Captain and coach recall closed meeting of senior players that led Leicester to yet another Premiership final

Hugh Godwin
Saturday 19 May 2012 21:37 BST
Comments
Well grounded: 'The coaches can only do so much,' says Geordan Murphy, ahead of the final against Harlequins
Well grounded: 'The coaches can only do so much,' says Geordan Murphy, ahead of the final against Harlequins (Getty Images)

It was a Premiership match that made few headlines, played on a dark February night in Devon while the Six Nations' Championship was on and the crowd was shivering in Paris waiting for the France versus Ireland game that did not start. But if Leicester Tigers win next Saturday's play-off final against Harlequins at Twickenham, they will look back with pleasure on a defeat at Exeter Chiefs that caused ructions among players and coaches.

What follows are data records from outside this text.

text \<open>The hidden variable ranges over
  a finite index set L of naturals (the three sums of the paper are taken
  over L, with weights r, p, q).\<close>
definition stlhs :: "corr \<Rightarrow> bool" where
  "stlhs P \<longleftrightarrow>
   (\<exists>(L :: nat set) (r :: nat \<Rightarrow> real) (p :: nat \<Rightarrow> real) (q :: nat \<Rightarrow> real)
      (rhoAB :: nat \<Rightarrow> cmat) (PC :: nat \<Rightarrow> nat \<Rightarrow> nat \<Rightarrow> real)
      (rhoA :: nat \<Rightarrow> cmat) (rhoB :: nat \<Rightarrow> cmat)
      (dBC :: nat \<Rightarrow> nat) (tauBC :: nat \<Rightarrow> cmat) (NBC :: nat \<Rightarrow> nat \<Rightarrow> nat \<Rightarrow> cmat)
      (dAC :: nat \<Rightarrow> nat) (tauAC :: nat \<Rightarrow> cmat) (NAC :: nat \<Rightarrow> nat \<Rightarrow> nat \<Rightarrow> cmat).
     finite L \<and>
     (\<forall>l\<in>L. r l \<ge> 0 \<and> p l \<ge> 0 \<and> q l \<ge> 0) \<and>
     (\<Sum>l\<in>L. r l + p l + q l) = 1 \<and>
     (\<forall>l\<in>L.
        density 4 (rhoAB l) \<and> density 2 (rhoA l) \<and> density 2 (rhoB l) \<and>
        (\<forall>z\<in>{0,1}. (\<forall>c\<in>{0,1}. PC l c z \<ge> 0) \<and> PC l 0 z + PC l 1 z = 1) \<and>
        dBC l \<ge> 1 \<and> density (2 * dBC l) (tauBC l) \<and>
        (\<forall>z\<in>{0,1}. povm2 (dBC l) (\<lambda>c. NBC l c z)) \<and>
        dAC l \<ge> 1 \<and> density (2 * dAC l) (tauAC l) \<and>
        (\<forall>z\<in>{0,1}. povm2 (dAC l) (\<lambda>c. NAC l c z))) \<and>
     (\<forall>a\<in>{0,1}. \<forall>b\<in>{0,1}. \<forall>c\<in>{0,1}. \<forall>x\<in>{0,1}. \<forall>y\<in>{0,1}. \<forall>z\<in>{0,1}.
        complex_of_real (P a b c x y z) =
          (\<Sum>l\<in>L. complex_of_real (r l)
              * mtrace 4 (mmul 4 (kron 2 (MA a x) (MB b y)) (rhoAB l))
              * complex_of_real (PC l c z))
        + (\<Sum>l\<in>L. complex_of_real (p l)
              * mtrace 2 (mmul 2 (MA a x) (rhoA l))
              * mtrace (2 * dBC l) (mmul (2 * dBC l) (kron (dBC l) (MB b y) (NBC l c z)) (tauBC l)))
        + (\<Sum>l\<in>L. complex_of_real (q l)
              * mtrace 2 (mmul 2 (MB b y) (rhoB l))
              * mtrace (2 * dAC l) (mmul (2 * dAC l) (kron (dAC l) (MA a x) (NAC l c z)) (tauAC l)))))"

Exeter, the unregarded upstarts in only their second Premiership season, won 19-11 to complete a season's double over the perennial contenders. Toby Flood and Manu Tuilagi had made comebacks after a few weeks off injured; the customary half-dozen or so of their fellow internationals were on Test duty; a tiring Flood was charged down for a try in the second half; a sloppy pass to nowhere led to Exeter's clinching penalty. But it set alarm bells clanging. Tigers' self-confessed motormouth of a director of rugby, Richard Cockerill, was all set for a collective telling of fortunes. But that wasn't what the players wanted.

"The players came in the dressing room," Cockerill recalls, "and I said: 'That was unacceptable. If we think it is acceptable, we're bullshitting ourselves.' And I left the room because I didn't want to say something I shouldn't have. Geordie [Geordan Murphy, the captain] spoke to me on the bus home and said: 'On Monday, I'd like to meet with the players – on my own with the senior players – to discuss that stuff.' And I went: 'Yeah, fine.'"

And so, on the Monday morning, and for the first and only time this season, the players ran their own video analysis and left Cockerill and his assistant Matt O'Connor kicking their heels. "We were about fifth or sixth in the table," says Murphy. "Exeter were below us, but it meant everything to them. They played with passion, with pride, and we didn't play well, we didn't score a try, a lot of guys underperformed.

"We watched 25 minutes cut-up of the mistakes we made and the boys just opened up after that. The senior players spoke – me, Dan Cole, Toby Flood, Louis Deacon, Craig Newby, I'm probably forgetting one or two. It was very honest, most of the guys were on the same page and we had to raise our intensity, raise our focus, raise our efforts, raise our training standards. We did all those things and as a result kick-started the season."

Eleven straight wins have followed – beginning at Saracens, where Murphy dropped a late goal – to usher Leicester into an eighth straight Premiership final. "We are blessed with great coaches here," says Murphy. "Cockers really instils the Leicester spirit, that hard edge; Matty O'Connor is one of the best coaches I've worked with in his planning and his focus. But at the end of the day the coaches can only do so much. When the whistle blows, the players have to implement everything."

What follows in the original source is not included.